The narrator's head honcho servant, Farah Aden, is a Somali who serves as her go-between when the Natives get difficult to understand. She has decided to write down what it was like to live on her farm in the Colony, because things are changing rapidly and it might be of historical interest (to, say, Shmoopers like you) someday.
The coffee farm in question is inhabited by lots of Kikuyu squatters, who actually lived there before it was sold to the narrator. One of them, a little boy named Kamante, becomes the cook in the narrator's house, and she is amazed that a Native, who couldn't possibly appreciate fine dining, could be such a marvelous chef. Wonders never cease when you are ruled by stereotypes, we guess.
There are some other colorful characters hanging around: an old Danish sailor named Old Knudsen shows up on the farm and hangs out for awhile, grumping and grouching, until he dies. Anybody know the Danish word for "bummer"? Lulu, a little gazelle that the narrator takes in as a pet grows up to be a little diva.
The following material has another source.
(* In $\mathcal{V}$, for all $p,q\in P$: $p\preccurlyeq q$ if and only if $|S_p|\leqslant|S_q|$, and $p\preccurlyeq^\ast q$ if and only if $|S_p|\leqslant^\ast|S_q|$.
   Context: Work in $\mathsf{ZFA}$ (set theory with atoms) over a ground model of $\mathsf{ZFC}$ containing a doubly ordered set $\langle P,\preccurlyeq,\preccurlyeq^\ast\rangle$ (i.e. $\preccurlyeq$ a partial order on $P$, $\preccurlyeq^\ast$ a preorder on $P$, and $p\preccurlyeq q\Rightarrow p\preccurlyeq^\ast q$). Write $p\prec q$ for ($p\preccurlyeq q$ and $p\neq q$). For a quadruple $\langle x_0,x_1,x_2,x_3\rangle$ and $i<4$, $\mathrm{pr}_i(\langle x_0,x_1,x_2,x_3\rangle)=x_i$. For a set $S$, $\mathscr{S}(S)$ is the set of permutations of $S$. Define recursively $A_0=\{\langle0,p,\varnothing,k\rangle\mid p\in P,k\in\omega\}$ and $A_{n+1}=A_n\cup\{\langle n+1,q,a,0\rangle\mid q\in P,a\in A_n,\mathrm{pr}_1(a)\prec q\}\cup\{\langle n+1,q,a,k\rangle\mid q\in P,a\in A_n,\mathrm{pr}_1(a)\not\preccurlyeq q,\mathrm{pr}_1(a)\preccurlyeq^\ast q,k\in\omega\}$; let $A=\bigcup_{n}A_n$, whose elements serve as the atoms. Define groups $\mathcal{G}_n\subseteq\mathscr{S}(A_n)$: $\mathcal{G}_0=\{f\in\mathscr{S}(A_0)\mid \mathrm{pr}_1(f(a))=\mathrm{pr}_1(a)\text{ for all }a\in A_0\}$; for $f\in\mathscr{S}(A_{n+1})$, $f\in\mathcal{G}_{n+1}$ iff $f{\upharpoonright}A_n\in\mathcal{G}_n$ and for all $b\in A_{n+1}\setminus A_n$, $\mathrm{pr}_1(f(b))=\mathrm{pr}_1(b)$ and $\mathrm{pr}_2(f(b))=f(\mathrm{pr}_2(b))$. Let $\mathcal{G}=\{\pi\in\mathscr{S}(A)\mid \pi{\upharpoonright}A_n\in\mathcal{G}_n\text{ for all }n\}$. $\mathcal{V}$ is the permutation model determined by $\mathcal{G}$ and finite supports: $x\in\mathcal{V}$ iff $x\subseteq\mathcal{V}$ and there is a finite $B\subseteq A$ (a support of $x$) such that every $\pi\in\mathcal{G}$ fixing $B$ pointwise fixes $x$. For $p\in P$, $S_p=\{a\in A\mid \mathrm{pr}_1(a)=p\}$. For sets $X,Y$, $|X|\leqslant|Y|$ means there is an injection from $X$ into $Y$, and $|X|\leqslant^\ast|Y|$ means there is a surjection from a subset of $Y$ onto $X$ (both computed in $\mathcal{V}$). *)

theory Defs
  imports Main
begin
Even after she runs off and hooks up with a buck she still comes around to visit some mornings.
One night the narrator hears a single shot, and it turns out that a little Kikuyu boy, Kabero, has accidentally shot two other little boys, killing Wamai and hurting Wanyangerri. This creates a long, drawn-out season of deciding what the shooter's father, Kaninu, must pay the victims or their families in livestock to make up for their loss.
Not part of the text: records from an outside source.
lemma uniform_limitI_rate:
  assumes "\<And>\<epsilon>. \<epsilon> > 0 \<Longrightarrow> \<exists>C. \<forall>n>0. \<forall>x\<in>A. dist (f n x) (g x) \<le> \<epsilon> + C / real n"
  shows "uniform_limit A f g sequentially"
  unfolding uniform_limit_iff
proof (intro allI impI)
  fix e :: real assume "e > 0"
  then obtain C where C: "\<And>n x. n > 0 \<Longrightarrow> x \<in> A \<Longrightarrow> dist (f n x) (g x) \<le> e / 2 + C / real n"
    using assms[of "e / 2"] by auto
  obtain N :: nat where N: "real N > 2 * \<bar>C\<bar> / e" using reals_Archimedean2 by blast
  show "\<forall>\<^sub>F n in sequentially. \<forall>x\<in>A. dist (f n x) (g x) < e"
  proof (rule eventually_sequentiallyI[of "Suc N"], intro ballI)
    fix n x assume n: "Suc N \<le> n" and x: "x \<in> A"
    have "C / real n \<le> \<bar>C\<bar> / real n" by (simp add: divide_right_mono)
    also have "\<bar>C\<bar> / real n < e / 2"
    proof -
      have "2 * \<bar>C\<bar> < e * real N"
        using N \<open>e > 0\<close> by (simp add: field_simps)
      also have "\<dots> \<le> e * real n"
        using n \<open>e > 0\<close> by simp
      finally show ?thesis using n by (simp add: field_simps)
    qed
    finally show "dist (f n x) (g x) < e" using C[OF _ x, of n] n by linarith
  qed
qed

definition node :: "real \<Rightarrow> nat \<Rightarrow> real" where
  "node \<mu> k = real k + 2 * \<mu> * theta k"

lemma gam_pos: "\<mu> \<ge> 0 \<Longrightarrow> gam \<mu> k > 0"
  unfolding gam_def by simp

lemma gam_0: "\<mu> \<ge> 0 \<Longrightarrow> gam \<mu> 0 = 1"
  unfolding gam_def by (simp add: Gamma_real_pos_exp)

lemma gam_Suc:
  assumes "\<mu> \<ge> 0"
  shows "gam \<mu> (Suc m) = node \<mu> (Suc m) * gam \<mu> m"
proof -
  define c where "c = 2 ^ m * fact (m div 2) / Gamma (\<mu> + 1/2)"
  show ?thesis
  proof (cases "even m")
    case True
    define a where "a = real (m div 2) + \<mu> + 1/2"
    have "Gamma (a + 1) = a * Gamma a"
      using assms by (intro Gamma_plus1) (auto simp: a_def dest: nonpos_Ints_nonpos)
    moreover have "gam \<mu> (Suc m) = 2 * c * Gamma (a + 1)" "gam \<mu> m = c * Gamma a"
      "node \<mu> (Suc m) = 2 * a"
      using True unfolding gam_def node_def theta_def a_def c_def
      by (auto simp: add_ac)
    ultimately show ?thesis by simp
  next
    case False
    have "gam \<mu> (Suc m) = 2 * real (Suc (m div 2)) * c * Gamma (real (m div 2) + \<mu> + 3/2)"
      using False unfolding gam_def c_def by (auto simp: add_ac elim!: oddE)
    moreover have "gam \<mu> m = c * Gamma (real (m div 2) + \<mu> + 3/2)"
      using False unfolding gam_def c_def by simp
    moreover have "node \<mu> (Suc m) = 2 * real (Suc (m div 2))"
      using False unfolding node_def theta_def by (auto elim!: oddE)
    ultimately show ?thesis by simp
  qed
qed

lemma node_ge: "\<mu> \<ge> 0 \<Longrightarrow> node \<mu> k \<ge> real k"
  unfolding node_def theta_def by simp

lemma node_Suc_diff: "\<mu> \<ge> 0 \<Longrightarrow> \<bar>node \<mu> (Suc m) - node \<mu> m\<bar> \<le> 1 + 2 * \<mu>"
  unfolding node_def theta_def by auto

lemma gam_ge_fact:
  assumes "\<mu> \<ge> 0"
  shows "gam \<mu> m \<ge> fact m"
proof (induction m)
  case 0
  then show ?case using gam_0[OF assms] by simp
next
  case (Suc m)
  have "fact (Suc m) = real (Suc m) * fact m" by simp
  also have "\<dots> \<le> node \<mu> (Suc m) * gam \<mu> m"
    using Suc node_ge[OF assms, of "Suc m"] by (intro mult_mono) auto
  finally show ?case using gam_Suc[OF assms] by simp
qed

lemma summable_e_mu_series:
  assumes "\<mu> \<ge> 0"
  shows "summable (\<lambda>m. z ^ m / gam \<mu> m)"
proof (rule summable_comparison_test')
  show "summable (\<lambda>m. \<bar>z\<bar> ^ m / fact m)"
    using summable_exp[of "\<bar>z\<bar>"] by (simp add: divide_inverse mult.commute)
  show "norm (z ^ m / gam \<mu> m) \<le> \<bar>z\<bar> ^ m / fact m" for m
    using gam_pos[OF assms, of m] gam_ge_fact[OF assms, of m]
    by (simp add: abs_mult power_abs frac_le)
qed

lemma sums_e_mu: "\<mu> \<ge> 0 \<Longrightarrow> (\<lambda>m. z ^ m / gam \<mu> m) sums e_mu \<mu> z"
  unfolding e_mu_def by (rule summable_sums[OF summable_e_mu_series])

lemma e_mu_ge_1:
  assumes "\<mu> \<ge> 0" "z \<ge> 0"
  shows "e_mu \<mu> z \<ge> 1"
proof -
  have "(\<Sum>m<1. z ^ m / gam \<mu> m) \<le> e_mu \<mu> z"
    unfolding e_mu_def using summable_e_mu_series[OF assms(1)] gam_pos[OF assms(1)] assms(2)
    by (intro sum_le_suminf) (auto intro!: divide_nonneg_pos)
  then show ?thesis using gam_0[OF assms(1)] by simp
qed

lemma sums_exp_weights: "(\<lambda>j. y ^ j / fact j) sums exp (y::real)"
  using exp_converges[of y] by (simp add: divide_inverse mult.commute)

lemma sums_exp_weights_index_sq:
  "(\<lambda>j. y ^ j / fact j * real j ^ 2) sums (y * (y + 1) * exp (y::real))"
proof -
  define a where "a j = y ^ j / fact j" for j
  have a: "a sums exp y" unfolding a_def by (rule sums_exp_weights)
  have rec: "a (Suc j) * real (Suc j) = y * a j" for j
    unfolding a_def by (simp add: divide_simps del: of_nat_Suc)
  have first: "(\<lambda>j. a j * real j) sums (y * exp y)"
    by (rule recurrent_weights_first_moment[OF a _ rec]) simp
  have central: "(\<lambda>j. a j * (real j - y) ^ 2) sums (y * exp y)"
    using recurrent_weights_central_moment[OF a _ rec] a by (simp add: sums_iff)
  have "(\<lambda>j. a j * (real j - y) ^ 2 + 2 * y * (a j * real j) - y ^ 2 * a j) sums
      (y * exp y + 2 * y * (y * exp y) - y ^ 2 * exp y)"
    by (intro sums_add sums_diff sums_mult central first a)
  moreover have "(\<lambda>j. a j * (real j - y) ^ 2 + 2 * y * (a j * real j) - y ^ 2 * a j) =
      (\<lambda>j. a j * real j ^ 2)"
    by (simp add: power2_eq_square algebra_simps)
  moreover have "y * exp y + 2 * y * (y * exp y) - y ^ 2 * exp y = y * (y + 1) * exp y"
    by (simp add: power2_eq_square algebra_simps)
  ultimately show ?thesis unfolding a_def by (simp only:)
qed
Kabero goes off to live with another tribe, the nomadic Masai, and comes back years later after the chief Kinanjui has decided that Kaninu must pay a cow and calf to Wainaina, Wanyangerri's father. If only all our problems could be solved through the exchange of cattle, huh?
The most important social function on the farm are the Ngomas, big Native dances, but the narrator also gets lots of visits from foreigners, like a high priest from India who is especially taken with her dogs. Farah (the #1 servant) brings his wife, her mother, and her sister and cousin to live on the farm, and they are nice company for the Baroness. Oh, did we mention that the narrator is a baroness? Who knew?
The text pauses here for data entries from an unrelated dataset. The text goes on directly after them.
text \<open>W^beta for beta < kappa (W^0 encoded with all-zero records).\<close>
definition Wlen :: "'k::wellorder \<Rightarrow> 'k world set" where
  "Wlen a = {w. record_len a (fst (snd w)) \<and> record_len a (snd (snd w))}"

definition restr :: "'k::wellorder \<Rightarrow> 'k world \<Rightarrow> 'k world" where
  "restr a w = (fst w, \<lambda>x. x < a \<and> fst (snd w) x, \<lambda>x. x < a \<and> snd (snd w) x)"

definition Pset :: "player \<Rightarrow> ('k::wellorder) world \<Rightarrow> 'k world set" where
  "Pset i w = {v \<in> Wk. rec i v = rec i w \<and>
     (rec i w kzero \<longrightarrow> fst v = fst w) \<and>
     (\<forall>b. rec i w (ksuc b) \<longrightarrow> rec (other i) v b = rec (other i) w b) \<and>
     (\<forall>l. klimit l \<and> rec i w l \<longrightarrow> lpar l (rec (other i) v) = lpar l (rec (other i) w))}"

definition fa_prob :: "'a set \<Rightarrow> ('a set \<Rightarrow> real) \<Rightarrow> bool" where
  "fa_prob W \<mu> \<longleftrightarrow> \<mu> W = 1 \<and> (\<forall>A \<subseteq> W. 0 \<le> \<mu> A) \<and>
     (\<forall>A B. A \<subseteq> W \<longrightarrow> B \<subseteq> W \<longrightarrow> A \<inter> B = {} \<longrightarrow> \<mu> (A \<union> B) = \<mu> A + \<mu> B)"

definition type_maps :: "(player \<Rightarrow> ('k::wellorder) world \<Rightarrow> 'k world set \<Rightarrow> real) \<Rightarrow> bool" where
  "type_maps Tm \<longleftrightarrow> (\<forall>i. \<forall>w \<in> Wk. let j = other i in
     fa_prob Wk (Tm i w) \<and>
     (\<forall>v \<in> Pset i w. Tm i v = Tm i w) \<and>
     Tm i w (Pset i w) = 1 \<and>
     Tm i w {u \<in> Wk. fst u = fst w} = (if rec i w kzero then 1 else 1/2) \<and>
     (\<forall>b. Tm i w {u \<in> Wk. rec j u b = rec j w b} = (if rec i w (ksuc b) then 1 else 1/2)) \<and>
     (\<forall>l. klimit l \<longrightarrow> Tm i w {u \<in> Wk. lpar l (rec j u) = lpar l (rec j w)} =
        (if rec i w l then 1 else 1/2)) \<and>
     (\<forall>b a E u. b < a \<and> E \<subseteq> Wlen b \<and> u \<in> Wk \<and> restr a u = restr a w \<longrightarrow>
        Tm i u {v \<in> Wk. restr b v \<in> E} = Tm i w {v \<in> Wk. restr b v \<in> E}))"

text \<open>Raw kappa-expressions; Conj I f denotes the conjunction of the set f ` I.\<close>
datatype 'k expr = Atom "coin set" | Neg "'k expr" | Bel player real "'k expr"
  | Conj "'k set" "'k \<Rightarrow> 'k expr"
Old Knudsen comes up with the idea of building a series of ponds and stocking them with fish, which really helps the farm during the droughts. Yeah, we know that Old Knudsen has already died in the novel, but this is not the kind of novel that follows a strict plotline. You may have noticed that this reads less like a story-story with a tight plot arc and more like a meandering inner monologue. That's part of Out Of Africa's charm, kids.
Another outlaw, a Swede named Emmanuelson, also spends a night on the farm before walking across the desert, which should have meant certain death, to escape going to jail. He survives, somehow.
Another frequent visitor is Denys Finch-Hatton, who we get the feeling is a little more than just a friend to the Baroness (bow chicka bow bow). He leads safaris or flies around in his plane when he's not chilling at the farmhouse.
Berkeley Cole is another English friend who believes the whole "mi casa es su casa" thing, and hangs out at the Baroness', but he dies at a tragically young age and leaves everyone very sad.
Denys and the Baroness love to fly above Africa and also kill any lions that are bothering the livestock of the tribes around them, which is all very exciting.
There is a curious second-to-last section called "From an Immigrant's Notebook" filled with little vignettes about life in Africa—check out the detailed summary for more on that.
Finally the narrator must sell her farm because she doesn't grow as much coffee as she needs to. Around the same time, Denys dies in a plane crash, and the Baroness leaves Africa. *Sigh*
Guess she's out of Africa for reals now.